Data products in the wild

Hi Students,

Monday’s lecture will focus on Human Factors in Data Science. The class will be an onslaught of needs finding, design, prototyping, and evaluation. It will be intense; brace yourselves.

As data scientists, you will ultimately produce a data product, be it a graph or a report or a presentation. This product will affect the real world, either through its own actions or through the decisions that people make. A consequence of affecting the real world is that the product itself will change the underlying data or assumptions upon which it is built. This reality is often ignored when designing a data product.

Spam: a digital arms race
Consider the spam filter. It’s a quiet, un-obtrusive part of your email pipeline. It works tirelessly to keep your inbox (mostly) free of emails from Nigerian princes and low interest loans. However, today’s spam filters are drastically different than the ones you used 5 years ago. Behind the scenes there is a quiet arms race in effect. This article provides a retrospective on the spam war from folks on the front line. It sums up the problem quite well:

Whenever researchers and developers improve spam-filtering software, spammers devise more sophisticated techniques to defeat the filters. Without constant innovation from spam researchers, the deluge of spam being filtered would overwhelm users’ inboxes.

Hatters gonna hate. Spammers gonna spam (at least until it no longer makes economic sense).

Music: manipulating popularity
Not all problems require reverse engineering of complex, learned models. Streaming music products, such as Youtube, Pandora, and Spotify, have forced companies like Billboard to have to redo their formula for ranking songs. Unlike radio, impressions from streaming music vendors are directly under the control of fans. This article details how this realization allowed one band to  game the system.

Is this wrong? How should this type of fan participation be counted? It’s not clear. On one hand, these are actual fans. They care enough about the band to manipulate the data. On the other hand, there is asymmetric information. Not all bands know how this ranking system works. If they did, they might launch their own fan campaign, and maybe (almost certainly) the results would be different.

Translation: too much success
Not all manipulations of data are malicious. Consider the following example:

You are trying to translate the web. To do this you need data — specifically datasets with the same text but in different languages. One place to find this data is the web itself. Some webpages will have the same content in multiple different languages. Manual translation is expensive, but worthwhile for organizations that need a global presence.

Over time, your product will grow, producing higher and higher quality translations. Eventually, your translations will become “good enough”. People who can’t afford manual translations (and even some that can), may start using your service to translate and then host the translated website. Hurray for technology.

But wait! Your translations are only “good enough”, they still aren’t perfect. There are a number of applications you can’t power with the current quality of your translations. And besides, language is constantly evolving!  Rules change, words are added and deleted, usage varies over time. You need fresh data to improve the quality of your system and adapt to changes.

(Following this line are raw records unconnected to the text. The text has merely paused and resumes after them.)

lemma has_indep_vanishing_if_low_leading_monos:
  assumes S: "finite S" "S \<subseteq> leading_monos (vanishing_coeffs N X)"
    and low: "\<And>\<nu>. \<nu> \<in> S \<Longrightarrow> mono_deg \<nu> \<le> M" and "r \<le> card S"
  shows "has_indep_vanishing r M X"
proof -
  obtain e where e: "e ` {..<r} \<subseteq> S" "inj_on e {..<r}"
    using card_le_inj[of "{..<r}" S] S(1) assms(4) by auto
  have "\<exists>c. c \<in> vanishing_coeffs N X \<and> is_leading_mono c \<nu>" if "\<nu> \<in> S" for \<nu>
    using S(2) that by (auto simp: leading_monos_def)
  then obtain c where c: "\<And>\<nu>. \<nu> \<in> S \<Longrightarrow> c \<nu> \<in> vanishing_coeffs N X \<and> is_leading_mono (c \<nu>) \<nu>"
    by metis
  have c_M: "c \<nu> \<in> coeff_space M" and eval_M: "poly_eval M (c \<nu>) = poly_eval N (c \<nu>)"
    if "\<nu> \<in> S" for \<nu>
  proof -
    have c_deg: "c \<nu> \<in> coeff_space (mono_deg \<nu>)"
      using c[OF that] by (simp add: leading_mono_coeff_space)
    have "\<nu> \<in> monomials N"
      using S(2) leading_monos_vanishing_subset that by blast
    then have "mono_deg \<nu> \<le> N"
      by (simp add: monomials_def)
    show "c \<nu> \<in> coeff_space M"
      using c_deg coeff_space_mono[OF low[OF that]] by blast
    have "poly_eval M (c \<nu>) = poly_eval (mono_deg \<nu>) (c \<nu>)"
      using c_deg low[OF that] by (rule poly_eval_mono)
    also have "\<dots> = poly_eval N (c \<nu>)"
      using c_deg \<open>mono_deg \<nu> \<le> N\<close> by (rule poly_eval_mono[symmetric])
    finally show "poly_eval M (c \<nu>) = poly_eval N (c \<nu>)" .
  qed
  define P where "P i = poly_eval M (c (e i))" for i
  have "lin_indep_fam r P"
    unfolding lin_indep_fam_def
  proof (rule allI, rule impI)
    fix b :: "nat \<Rightarrow> real"
    assume rel: "\<forall>z. (\<Sum>i<r. b i * P i z) = 0"
    have "(\<lambda>\<mu>. \<Sum>i<r. b i * c (e i) \<mu>) \<in> coeff_space M"
      using e(1) by (intro lincomb_coeff_space c_M) auto
    moreover have "poly_eval M (\<lambda>\<mu>. \<Sum>i<r. b i * c (e i) \<mu>) z = 0" for z
      using rel[rule_format, of z] by (simp add: P_def poly_eval_lincomb)
    ultimately have "(\<Sum>i<r. b i * c (e i) \<mu>) = 0" for \<mu>
      by (rule coeff_space_eq_0_if_poly_eval_eq_0)
    moreover have "is_leading_mono (c (e i)) (e i)" if "i \<in> {..<r}" for i
      using c e(1) that by blast
    ultimately show "\<forall>i<r. b i = 0"
      using leading_monos_independent[OF finite_lessThan e(2), of "\<lambda>i. c (e i)" b] by blast
  qed
  moreover have "P i \<in> Pi_deg M \<and> (\<forall>B\<in>X. P i B = 0)" if "i < r" for i
  proof -
    have "e i \<in> S"
      using e(1) that by blast
    then show ?thesis
      using c[OF \<open>e i \<in> S\<close>] c_M[OF \<open>e i \<in> S\<close>] eval_M[OF \<open>e i \<in> S\<close>]
      unfolding P_def Pi_deg_iff_poly_eval vanishing_coeffs_def by (auto intro!: bexI[where x = "c (e i)"])
  qed
  ultimately show ?thesis
    unfolding has_indep_vanishing_def by blast
qed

But now you’ve polluted your data source. Many of the parallel webpages on the web are now the product of your algorithm. If you train on them, you are just reinforcing existing biases. You’re suffering from a tragedy of riches. Your product is too successful.

This is a problem that Google Translate faced as it matured as a product. Students, if you had this problem, how would you try to solve it?



  1. A large part of what the translator needs to do is diversify its training documents. If the training algorithm keeps reading the same documents, it will not learn anything useful. Accordingly, the translator should weed out documents that are similar (parallel in sentence structure, vocabulary, phrase usage, and other translation elements). It is my understanding that many translation services use probability to decide how to convert text. Sampling a dataset as formulaic and consistent as UN minutes might lead to inaccurate probability estimates of both sentence structure and vocabulary, among other factors. Instead, a translator should use a set of documents with great variance of subject matter and purpose in order to avoid training to a specific writing style.

    Another part of the solution is to lower the impact a single document has on the training algorithm, especially if the document very likely came from the translation service.

  2. One of the possible attempts to tackle the problem of polluting the data source is to separate or label the data source as “processed” vs “raw”. So every time a google translation is produced by the translator algorithm, we mark the website as “processed” in the webpages database. Now if we want to translate a new webpage (test data), we ask the algorithm to look for matching texts in our webpage data source which contains both processed and raw webpages. As there’s really no golden standard in translation, rules change, and words are added and deleted every now and then. Hence I don’t think the webpage that has been processed by google translator is necessarily “polluted”, it might represent some new ways of using the language as more and more people use the word that way. But still, the raw webpages are of less biased generated by algorithms than the processed webpages. I will suggest the algorithm to assign certain weight to each category, say 70% raw and 30% processed. To decide the actual weight will be another problem which requires more fitting and adjusting. But the idea is to generate a more suitable “hybrid” data source as the training data.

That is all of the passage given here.